If the government moves in this direction and does restrict funding, this means that many people who today qualify to receive government-funded long-term care will not receive it in future, “creating a greater sense of urgency and personal responsibility among those financially able to save, invest, or insure for long-term care,” he added.
This is just another in the many complicating factors involving the future need for, and the cost of, long-term care. No one is predicting, for instance, that the costs will come down.
“The hourly cost of hiring a caregiver is sure to go up, since there will be more people needing long-term care in future and fewer caregivers to provide it,” said Claude Thau, a long-term care consultant and insurance wholesaler.
Fewer caregivers to serve everyone’s potential care needs affect both the quality of care and its cost, he explained. “For many people, caregiving does not come naturally to them; it is not considered a pleasant job,” said Thau. “At a time when more people will need care, the supply of caregivers will remain stagnant, unless the fees paid for the services rise appreciably. In addition to current minimum wage and unionization pressures, this will have a dire impact on the overall cost of long-term care.”
Another factor — big business — is playing a role in expectations for rising care costs at custodial facilities like nursing homes. “Many small, `mom-and-pop’ type caregiving facilities operated by people who are passionate about providing care are being acquired by larger organizations,” said Thau. “As these businesses grow and consolidate, they tend to apply more financial discipline to improve the margins, charging higher prices over time.”
There’s another factor enlarging aggregate long-term care costs: the care often prolongs the life of those requiring it. “The longer people live increases the overall expense of care,” Thau explained. “A case in point is my mother-in-law. When she went into a long-term care facility because of alcohol-induced dementia, her family and friends expected she wouldn't live long. But the care was so remarkable that she looked healthier than she had in years — and was. She died in her 16th year in the nursing home. The costs added up.”
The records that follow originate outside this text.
lemma minus [simp]: "\<rho> (- u) = \<rho> u"
proof -
  have "\<rho> ((-1::real) *\<^sub>R u) = \<rho> u"
    using convex_modular unfolding convex_modular_def by (metis abs_minus_cancel abs_one)
  thus ?thesis by simp
qed

lemma minus_commute: "\<rho> (u - v) = \<rho> (v - u)"
  using minus[of "v - u"] by simp

lemma convex:
  "0 \<le> a \<Longrightarrow> 0 \<le> b \<Longrightarrow> a + b = 1 \<Longrightarrow> \<rho> (a *\<^sub>R u + b *\<^sub>R v) \<le> a * \<rho> u + b * \<rho> v"
  using convex_modular unfolding convex_modular_def by blast

lemma scaleR_le: "0 \<le> t \<Longrightarrow> t \<le> 1 \<Longrightarrow> \<rho> (t *\<^sub>R u) \<le> t * \<rho> u"
  using convex[of t "1 - t" u 0] by simp

lemma scaleR_abs_le: "\<bar>l\<bar> \<le> 1 \<Longrightarrow> \<rho> (l *\<^sub>R u) \<le> \<bar>l\<bar> * \<rho> u"
  using scaleR_le[of "\<bar>l\<bar>" u] minus[of "l *\<^sub>R u"] by (cases "l \<ge> 0") auto

lemma modular_space_eq_UNIV: "modular_space \<rho> = UNIV"
proof -
  have "((\<lambda>l::real. \<rho> (l *\<^sub>R u)) \<longlongrightarrow> 0) (at 0)" for u
  proof (rule tendsto_sandwich[where f="\<lambda>_. 0" and h="\<lambda>l. \<bar>l\<bar> * \<rho> u"])
    have "\<forall>\<^sub>F l in at (0::real). \<bar>l\<bar> < 1"
      unfolding eventually_at by (intro exI[of _ 1]) (auto simp: dist_real_def)
    thus "\<forall>\<^sub>F l in at 0. \<rho> (l *\<^sub>R u) \<le> \<bar>l\<bar> * \<rho> u"
      by eventually_elim (simp add: scaleR_abs_le)
    show "((\<lambda>l. \<bar>l\<bar> * \<rho> u) \<longlongrightarrow> 0) (at 0)"
      by (auto intro!: tendsto_eq_intros)
  qed (simp_all add: nonneg)
  thus ?thesis unfolding modular_space_def by auto
qed

lemma tau_pos: "0 < \<tau>"
  using Delta2 unfolding Delta2_def by auto

lemma double_le: "\<rho> (2 *\<^sub>R u) \<le> \<tau> * \<rho> u"
  using Delta2 modular_space_eq_UNIV unfolding Delta2_def by auto

lemma two_le_tau_if_ne_zero:
  fixes u :: 'b
  assumes "u \<noteq> 0"
  shows "2 \<le> \<tau>"
proof -
  have "\<rho> u = \<rho> ((1/2) *\<^sub>R (2 *\<^sub>R u))" by simp
  also have "\<dots> \<le> 1/2 * \<rho> (2 *\<^sub>R u)" by (rule scaleR_le) auto
  also have "\<dots> \<le> 1/2 * (\<tau> * \<rho> u)" using double_le[of u] by simp
  finally show ?thesis
    using nonneg[of u] eq_0_iff[of u] assms by (simp add: field_simps)
qed

lemma scaleR_power2_le: "\<rho> ((2^k) *\<^sub>R u) \<le> \<tau>^k * \<rho> u"
proof (induction k)
  case (Suc k)
  have "\<rho> ((2^Suc k) *\<^sub>R u) = \<rho> (2 *\<^sub>R ((2^k) *\<^sub>R u))" by simp
  also have "\<dots> \<le> \<tau> * \<rho> ((2^k) *\<^sub>R u)" by (rule double_le)
  also have "\<dots> \<le> \<tau> * (\<tau>^k * \<rho> u)" using Suc tau_pos by simp
  finally show ?case by simp
qed simp

lemma scaleR_power4_le: "\<rho> ((4^k) *\<^sub>R u) \<le> (\<tau>^2)^k * \<rho> u"
  using scaleR_power2_le[of "2*k" u] by (simp add: power_mult)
According to the Genworth 2018 Cost of Care Study , the cost of a semi-private room in a nursing home is $245 per day or $7,441 per month, whereas a home health aide charges approximately $138 per 8½ -hour day.5 Family caregiving, of course, is the least expensive, since the care is provided free of charge. Approximately 65.7 million Americans are involved in such informal care to family members and close friends.
But family caregiving has its drawbacks, chief among them is the time and effort this consumes for those providing care. Care quality is another concern. A study by the United Hospital Fund and AARP Public Policy Institute found that most family caregivers are unprepared for needed tasks, which may include cleaning the wounds of those needing care, dispensing the right medications, at the right dosage at the proper time, and coping with individuals who refuse to take their pills.
The need to prepare
As the populace ages, the cost of long-term care rises, and the government acts on the ticking time bomb that Moses hears in the distance, there will be fewer dollars from Uncle Sam to absorb long-term care expenses, if he is correct in his assumptions. This puts the onus increasingly on the public to financially prepare for the possibility.
That may lead to more people considering their options, such as setting aside money for future long-term care needs or purchasing long-term care insurance. (Related: Hybrid long term care insurance )
But for some, Medicaid, at least in its current form, will remain a better answer. A study from the Center for Retirement Research at Boston College argued that it’s “optimal for only about 20-30 percent of single individuals to buy insurance.” 6
Still if the tipping point is approaching, more people will likely need to look at their own circumstances and options.